The Freedom for Families Act would expand how Health Savings Accounts (HSAs) are used and who can contribute to them. The bill allows tax-free distributions from an HSA not only when paying qualified medical expenses for the account beneficiary, but also during any period the account beneficiary is on family or medical caregiving leave (as defined by the Family and Medical Leave Act). It also broadens the definition of period of qualified caregiving and adds related conforming changes to the code. In addition, the bill removes the current requirement that an HSA must be paired with a high-deductible health plan (HDHP) and increases the annual contribution limits for HSAs. These changes would apply to taxable years beginning after the enactment date. Overall, the bill aims to provide greater flexibility and financing options for families managing caregiving responsibilities and health costs.
Key Points
- 1Tax-free distributions during caregiving: Any amount distributed from an HSA is tax-free if it is used for qualified medical expenses or if it is paid or distributed during a period of qualified caregiving (i.e., while the account beneficiary is on FMLA-related leave or not employed due to a qualifying FMLA situation).

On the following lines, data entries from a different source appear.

lemma int_lattice_lincomb:
  assumes L: "int_lattice n L" and F: "\<And>k. k < m \<Longrightarrow> F k \<in> L"
  shows "vec_lincomb n m F c \<in> L"
  using F
proof (induction m)
  case 0
  have "vec_lincomb n 0 F c = 0\<^sub>v n"
    unfolding vec_lincomb_def by auto
  then show ?case
    using int_lattice_zero[OF L] by simp
next
  case (Suc m)
  have "vec_lincomb n (Suc m) F c = vec_lincomb n m F c + c m \<cdot>\<^sub>v F m"
    using int_lattice_carrier[OF L Suc.prems[of m]] unfolding vec_lincomb_def
    by (intro eq_vecI) auto
  moreover have "vec_lincomb n m F c \<in> L"
    using Suc by simp
  ultimately show ?case
    using int_lattice_add[OF L] int_lattice_smult[OF L Suc.prems[of m]] by simp
qed

lemma int_subgroup_principal:
  fixes I :: "int set"
  assumes "0 \<in> I" and sub: "\<And>x y q. x \<in> I \<Longrightarrow> y \<in> I \<Longrightarrow> x - q * y \<in> I"
  shows "\<exists>g\<in>I. \<forall>x\<in>I. g dvd x"
proof (cases "I \<subseteq> {0}")
  case True
  then show ?thesis
    using \<open>0 \<in> I\<close> by auto
next
  case False
  then obtain x0 where x0: "x0 \<in> I" "x0 \<noteq> 0" by auto
  have neg: "- x \<in> I" if "x \<in> I" for x
    using sub[OF \<open>0 \<in> I\<close> that, of 1] by simp
  have "\<bar>x0\<bar> \<in> I"
    using x0(1) neg[OF x0(1)] by (simp add: abs_if)
  then have "\<exists>p. p > 0 \<and> int p \<in> I"
    using x0(2) by (intro exI[of _ "nat \<bar>x0\<bar>"]) simp
  define p where "p = (LEAST p. p > 0 \<and> int p \<in> I)"
  have p: "p > 0" "int p \<in> I"
    using LeastI_ex[OF \<open>\<exists>p. _\<close>] unfolding p_def by auto
  have "int p dvd x" if x: "x \<in> I" for x
  proof (rule ccontr)
    assume "\<not> int p dvd x"
    then have "x mod int p \<noteq> 0"
      by (simp add: dvd_eq_mod_eq_0)
    moreover have "x mod int p \<ge> 0"
      using p(1) by simp
    ultimately have "x mod int p > 0"
      by linarith
    moreover have "x mod int p \<in> I"
      using sub[OF x p(2), of "x div int p"] by (simp add: minus_div_mult_eq_mod)
    ultimately have "int (nat (x mod int p)) \<in> I"
      by simp
    with \<open>x mod int p > 0\<close> have "p \<le> nat (x mod int p)"
      unfolding p_def by (intro Least_le) simp
    moreover have "x mod int p < int p"
      using p(1) by simp
    ultimately show False
      using \<open>x mod int p > 0\<close> by (simp add: le_nat_iff)
  qed
  then show ?thesis
    using p(2) by blast
qed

- 2Period of qualified caregiving defined: The bill defines a period of qualified caregiving to include leaves or non-employment described under the Family and Medical Leave Act of 1993.
- 3Conforming amendments to expenses: The Internal Revenue Code is amended so that expenses incurred during a period of qualified caregiving can count toward qualified medical expenses for tax-free distributions from an HSA.
- 4NoHDHP requirement and higher limits: The bill removes the HDHP requirement for HSA eligibility and contribution, and raises the HSA contribution limits to $9,000 for individuals (and $18,000 for joint filers). It also reorganizes related provisions accordingly.
- 5Effective date: The changes apply to months in taxable years beginning after enactment.